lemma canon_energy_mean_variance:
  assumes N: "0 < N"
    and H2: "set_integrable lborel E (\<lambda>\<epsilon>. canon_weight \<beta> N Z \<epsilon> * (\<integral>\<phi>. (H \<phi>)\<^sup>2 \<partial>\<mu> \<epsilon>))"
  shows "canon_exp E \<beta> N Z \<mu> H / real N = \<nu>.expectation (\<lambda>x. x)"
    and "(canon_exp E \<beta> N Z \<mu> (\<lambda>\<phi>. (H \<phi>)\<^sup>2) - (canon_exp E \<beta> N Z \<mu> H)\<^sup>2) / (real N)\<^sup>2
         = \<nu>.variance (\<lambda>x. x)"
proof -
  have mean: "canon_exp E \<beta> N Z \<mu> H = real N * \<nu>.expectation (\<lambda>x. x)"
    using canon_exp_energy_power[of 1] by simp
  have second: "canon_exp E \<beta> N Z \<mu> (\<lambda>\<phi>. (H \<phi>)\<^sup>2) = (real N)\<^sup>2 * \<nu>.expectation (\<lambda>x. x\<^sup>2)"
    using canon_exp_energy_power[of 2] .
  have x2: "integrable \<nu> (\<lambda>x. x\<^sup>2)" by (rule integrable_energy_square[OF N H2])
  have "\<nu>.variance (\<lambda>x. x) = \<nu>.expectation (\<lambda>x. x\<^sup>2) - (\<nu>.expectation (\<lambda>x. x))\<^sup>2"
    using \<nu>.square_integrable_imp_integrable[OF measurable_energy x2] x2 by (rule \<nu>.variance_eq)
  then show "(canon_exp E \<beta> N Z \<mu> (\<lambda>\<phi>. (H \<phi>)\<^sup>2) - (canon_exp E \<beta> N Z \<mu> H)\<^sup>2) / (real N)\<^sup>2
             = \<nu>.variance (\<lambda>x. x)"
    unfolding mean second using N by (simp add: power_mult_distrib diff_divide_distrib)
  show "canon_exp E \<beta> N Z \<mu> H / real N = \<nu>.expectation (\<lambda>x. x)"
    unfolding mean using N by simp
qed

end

== == ==

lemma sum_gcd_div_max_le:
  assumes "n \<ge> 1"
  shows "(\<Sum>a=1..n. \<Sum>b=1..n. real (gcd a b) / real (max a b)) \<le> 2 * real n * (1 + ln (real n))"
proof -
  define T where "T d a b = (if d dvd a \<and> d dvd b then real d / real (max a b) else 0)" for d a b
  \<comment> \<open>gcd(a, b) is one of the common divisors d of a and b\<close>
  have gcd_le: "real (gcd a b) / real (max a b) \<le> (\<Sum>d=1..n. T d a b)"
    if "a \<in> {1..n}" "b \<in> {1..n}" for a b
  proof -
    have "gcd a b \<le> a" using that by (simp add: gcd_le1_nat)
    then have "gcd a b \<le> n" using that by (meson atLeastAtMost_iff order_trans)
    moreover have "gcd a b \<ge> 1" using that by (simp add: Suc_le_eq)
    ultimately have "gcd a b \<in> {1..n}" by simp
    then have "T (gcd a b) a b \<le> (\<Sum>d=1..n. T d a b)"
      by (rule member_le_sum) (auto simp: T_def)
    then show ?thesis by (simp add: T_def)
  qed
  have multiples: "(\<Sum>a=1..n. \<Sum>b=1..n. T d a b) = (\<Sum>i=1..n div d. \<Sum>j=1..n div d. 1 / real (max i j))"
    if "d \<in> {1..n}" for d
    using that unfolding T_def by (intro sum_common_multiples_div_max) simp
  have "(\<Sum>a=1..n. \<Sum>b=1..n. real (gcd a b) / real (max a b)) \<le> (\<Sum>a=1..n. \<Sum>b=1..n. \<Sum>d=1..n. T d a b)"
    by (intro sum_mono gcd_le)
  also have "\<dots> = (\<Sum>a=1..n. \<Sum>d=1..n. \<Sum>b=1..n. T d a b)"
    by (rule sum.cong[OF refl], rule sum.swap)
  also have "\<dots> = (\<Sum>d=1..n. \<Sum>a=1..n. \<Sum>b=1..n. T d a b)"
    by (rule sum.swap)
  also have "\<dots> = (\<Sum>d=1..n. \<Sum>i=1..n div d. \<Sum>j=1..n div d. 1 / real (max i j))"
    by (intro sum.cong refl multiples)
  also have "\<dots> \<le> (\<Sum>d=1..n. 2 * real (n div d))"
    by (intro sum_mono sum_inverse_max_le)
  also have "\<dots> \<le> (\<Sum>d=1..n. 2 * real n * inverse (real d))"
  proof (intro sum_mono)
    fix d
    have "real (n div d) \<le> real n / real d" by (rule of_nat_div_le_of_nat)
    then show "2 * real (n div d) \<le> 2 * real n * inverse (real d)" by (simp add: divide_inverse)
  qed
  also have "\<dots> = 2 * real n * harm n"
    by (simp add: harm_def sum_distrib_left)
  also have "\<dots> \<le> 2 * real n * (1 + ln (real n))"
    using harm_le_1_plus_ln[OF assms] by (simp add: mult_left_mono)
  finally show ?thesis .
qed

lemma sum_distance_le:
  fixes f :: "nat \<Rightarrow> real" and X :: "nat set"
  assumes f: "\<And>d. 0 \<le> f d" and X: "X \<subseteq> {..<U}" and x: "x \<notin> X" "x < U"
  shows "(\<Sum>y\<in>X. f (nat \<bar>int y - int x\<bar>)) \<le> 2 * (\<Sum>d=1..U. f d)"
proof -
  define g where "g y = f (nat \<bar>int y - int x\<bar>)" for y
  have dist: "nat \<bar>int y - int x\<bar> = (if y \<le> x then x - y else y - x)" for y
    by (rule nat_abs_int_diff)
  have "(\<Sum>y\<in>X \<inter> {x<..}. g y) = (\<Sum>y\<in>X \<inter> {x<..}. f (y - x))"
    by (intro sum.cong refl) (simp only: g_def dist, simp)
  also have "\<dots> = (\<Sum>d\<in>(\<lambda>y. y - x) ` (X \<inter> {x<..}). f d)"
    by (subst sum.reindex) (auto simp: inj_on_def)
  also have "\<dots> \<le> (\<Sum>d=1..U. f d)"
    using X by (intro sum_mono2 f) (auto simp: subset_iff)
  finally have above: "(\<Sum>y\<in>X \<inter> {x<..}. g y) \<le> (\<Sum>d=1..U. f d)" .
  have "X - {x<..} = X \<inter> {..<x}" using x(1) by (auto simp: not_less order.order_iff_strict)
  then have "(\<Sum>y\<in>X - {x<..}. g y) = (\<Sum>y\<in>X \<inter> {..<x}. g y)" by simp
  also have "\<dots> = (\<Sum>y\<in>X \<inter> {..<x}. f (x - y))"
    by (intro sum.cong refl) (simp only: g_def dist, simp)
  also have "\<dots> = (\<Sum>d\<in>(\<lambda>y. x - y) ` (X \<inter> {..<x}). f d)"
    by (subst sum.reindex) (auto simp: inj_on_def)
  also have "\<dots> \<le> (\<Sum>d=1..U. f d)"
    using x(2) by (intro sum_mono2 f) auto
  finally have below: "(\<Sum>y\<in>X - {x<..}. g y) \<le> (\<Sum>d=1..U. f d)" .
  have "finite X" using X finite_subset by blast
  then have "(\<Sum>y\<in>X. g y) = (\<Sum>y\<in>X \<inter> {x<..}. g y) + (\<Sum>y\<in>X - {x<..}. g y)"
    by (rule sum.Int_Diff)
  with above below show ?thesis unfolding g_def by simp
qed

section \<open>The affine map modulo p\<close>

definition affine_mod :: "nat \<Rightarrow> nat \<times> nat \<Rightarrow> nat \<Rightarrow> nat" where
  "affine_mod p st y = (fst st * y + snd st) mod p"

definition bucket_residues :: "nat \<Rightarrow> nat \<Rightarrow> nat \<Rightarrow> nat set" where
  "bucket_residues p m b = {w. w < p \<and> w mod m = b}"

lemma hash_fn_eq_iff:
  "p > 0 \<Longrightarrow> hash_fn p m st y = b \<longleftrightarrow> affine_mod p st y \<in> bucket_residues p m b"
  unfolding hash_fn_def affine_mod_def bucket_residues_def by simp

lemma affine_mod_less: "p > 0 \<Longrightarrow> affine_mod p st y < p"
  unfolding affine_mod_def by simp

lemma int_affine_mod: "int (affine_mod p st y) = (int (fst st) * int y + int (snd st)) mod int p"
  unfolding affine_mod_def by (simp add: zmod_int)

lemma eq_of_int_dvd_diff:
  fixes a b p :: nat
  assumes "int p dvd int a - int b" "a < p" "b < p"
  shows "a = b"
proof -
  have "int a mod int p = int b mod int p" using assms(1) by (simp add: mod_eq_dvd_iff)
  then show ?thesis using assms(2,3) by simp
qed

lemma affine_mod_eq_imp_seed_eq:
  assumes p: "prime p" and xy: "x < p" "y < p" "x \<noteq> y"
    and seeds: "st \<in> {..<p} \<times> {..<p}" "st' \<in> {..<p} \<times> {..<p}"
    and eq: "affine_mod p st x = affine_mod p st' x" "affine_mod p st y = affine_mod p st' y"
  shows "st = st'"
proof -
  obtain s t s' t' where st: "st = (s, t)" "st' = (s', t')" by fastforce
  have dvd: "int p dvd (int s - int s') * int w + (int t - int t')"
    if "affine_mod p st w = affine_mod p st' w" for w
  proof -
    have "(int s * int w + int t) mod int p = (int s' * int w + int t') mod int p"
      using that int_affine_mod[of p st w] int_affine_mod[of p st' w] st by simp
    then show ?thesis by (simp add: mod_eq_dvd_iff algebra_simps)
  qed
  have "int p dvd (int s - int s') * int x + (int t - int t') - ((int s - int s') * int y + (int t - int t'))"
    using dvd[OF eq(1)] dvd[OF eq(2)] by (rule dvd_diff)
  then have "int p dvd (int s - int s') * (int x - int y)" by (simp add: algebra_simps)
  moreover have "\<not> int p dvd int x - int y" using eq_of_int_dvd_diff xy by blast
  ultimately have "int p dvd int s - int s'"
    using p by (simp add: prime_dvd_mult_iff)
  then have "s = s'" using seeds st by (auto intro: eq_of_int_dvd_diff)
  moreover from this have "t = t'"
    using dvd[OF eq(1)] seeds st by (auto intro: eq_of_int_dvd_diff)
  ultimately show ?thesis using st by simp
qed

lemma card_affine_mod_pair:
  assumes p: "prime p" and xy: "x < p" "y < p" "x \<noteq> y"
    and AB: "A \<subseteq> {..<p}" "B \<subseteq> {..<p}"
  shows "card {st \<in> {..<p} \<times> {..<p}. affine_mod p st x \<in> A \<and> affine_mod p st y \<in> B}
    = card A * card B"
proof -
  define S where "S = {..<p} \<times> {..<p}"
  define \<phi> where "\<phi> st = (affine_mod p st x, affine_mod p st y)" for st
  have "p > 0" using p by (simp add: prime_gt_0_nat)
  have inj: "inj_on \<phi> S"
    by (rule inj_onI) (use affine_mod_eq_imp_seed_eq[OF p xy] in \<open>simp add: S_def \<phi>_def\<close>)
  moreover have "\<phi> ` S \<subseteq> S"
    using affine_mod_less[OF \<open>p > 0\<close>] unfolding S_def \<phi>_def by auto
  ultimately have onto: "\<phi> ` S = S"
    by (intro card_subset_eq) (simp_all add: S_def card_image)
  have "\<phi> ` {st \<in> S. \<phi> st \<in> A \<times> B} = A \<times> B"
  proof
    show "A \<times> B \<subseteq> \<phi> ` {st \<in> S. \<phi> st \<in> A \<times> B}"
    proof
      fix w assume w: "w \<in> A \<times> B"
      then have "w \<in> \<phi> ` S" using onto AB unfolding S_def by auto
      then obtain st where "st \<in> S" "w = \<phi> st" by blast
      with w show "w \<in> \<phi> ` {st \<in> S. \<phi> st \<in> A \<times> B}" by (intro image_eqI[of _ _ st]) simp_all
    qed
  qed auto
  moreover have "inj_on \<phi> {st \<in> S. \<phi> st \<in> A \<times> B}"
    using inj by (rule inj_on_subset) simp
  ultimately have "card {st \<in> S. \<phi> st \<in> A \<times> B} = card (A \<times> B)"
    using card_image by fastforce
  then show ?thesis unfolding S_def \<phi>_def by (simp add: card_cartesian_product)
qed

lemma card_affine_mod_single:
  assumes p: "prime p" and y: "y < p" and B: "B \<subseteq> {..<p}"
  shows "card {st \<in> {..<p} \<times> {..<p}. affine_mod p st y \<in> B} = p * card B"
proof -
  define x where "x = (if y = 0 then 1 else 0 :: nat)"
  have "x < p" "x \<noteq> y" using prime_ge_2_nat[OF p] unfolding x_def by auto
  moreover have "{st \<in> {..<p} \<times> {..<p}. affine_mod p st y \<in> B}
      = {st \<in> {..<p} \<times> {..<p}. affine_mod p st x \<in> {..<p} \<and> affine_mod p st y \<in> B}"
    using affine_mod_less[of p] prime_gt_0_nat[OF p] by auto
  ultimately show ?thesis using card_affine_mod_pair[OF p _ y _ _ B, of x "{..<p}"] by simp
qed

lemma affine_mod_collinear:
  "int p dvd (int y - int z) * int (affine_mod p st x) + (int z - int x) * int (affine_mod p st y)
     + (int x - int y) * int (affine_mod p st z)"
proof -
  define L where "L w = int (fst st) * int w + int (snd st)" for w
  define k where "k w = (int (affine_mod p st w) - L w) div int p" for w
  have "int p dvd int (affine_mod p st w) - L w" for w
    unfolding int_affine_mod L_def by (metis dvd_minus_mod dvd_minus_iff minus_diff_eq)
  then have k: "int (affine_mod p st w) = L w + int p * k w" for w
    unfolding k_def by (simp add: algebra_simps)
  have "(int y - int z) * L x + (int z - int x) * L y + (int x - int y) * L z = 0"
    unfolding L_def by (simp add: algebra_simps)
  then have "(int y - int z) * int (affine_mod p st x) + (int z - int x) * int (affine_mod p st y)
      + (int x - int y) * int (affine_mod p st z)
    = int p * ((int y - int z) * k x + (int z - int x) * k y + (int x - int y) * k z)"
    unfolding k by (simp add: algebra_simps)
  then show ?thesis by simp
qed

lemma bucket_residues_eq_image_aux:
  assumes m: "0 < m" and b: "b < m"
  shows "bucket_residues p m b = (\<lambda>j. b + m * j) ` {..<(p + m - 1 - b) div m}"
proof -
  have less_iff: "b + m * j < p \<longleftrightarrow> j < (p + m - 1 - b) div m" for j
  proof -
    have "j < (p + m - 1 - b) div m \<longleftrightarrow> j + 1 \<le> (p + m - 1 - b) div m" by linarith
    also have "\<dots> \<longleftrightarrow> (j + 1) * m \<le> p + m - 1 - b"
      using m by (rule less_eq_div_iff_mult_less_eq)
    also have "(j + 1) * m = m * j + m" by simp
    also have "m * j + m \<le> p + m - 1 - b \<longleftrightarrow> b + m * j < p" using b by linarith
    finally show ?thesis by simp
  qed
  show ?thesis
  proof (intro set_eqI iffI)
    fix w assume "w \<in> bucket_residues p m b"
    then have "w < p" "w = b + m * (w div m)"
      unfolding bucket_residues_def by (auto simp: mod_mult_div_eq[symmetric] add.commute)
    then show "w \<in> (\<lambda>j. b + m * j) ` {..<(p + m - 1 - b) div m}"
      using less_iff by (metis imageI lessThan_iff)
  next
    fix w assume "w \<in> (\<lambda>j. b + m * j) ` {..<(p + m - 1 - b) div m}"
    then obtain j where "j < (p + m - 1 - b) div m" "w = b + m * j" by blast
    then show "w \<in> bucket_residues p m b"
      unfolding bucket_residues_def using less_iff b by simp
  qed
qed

== == ==

Please copy out each line of the data in which the word "ultimately" occurs.

◆ **TASK RESULT**
    ultimately have "gcd a b \<in> {1..n}" by simp
  ultimately have "int p dvd int s - int s'"
  ultimately show ?thesis using st by simp
  ultimately have onto: "\<phi> ` S = S"
  ultimately have "card {st \<in> S. \<phi> st \<in> A \<times> B} = card (A \<times> B)"
  ultimately show ?thesis using card_affine_mod_pair[OF p _ y _ _ B, of x "{..<p}"] by simp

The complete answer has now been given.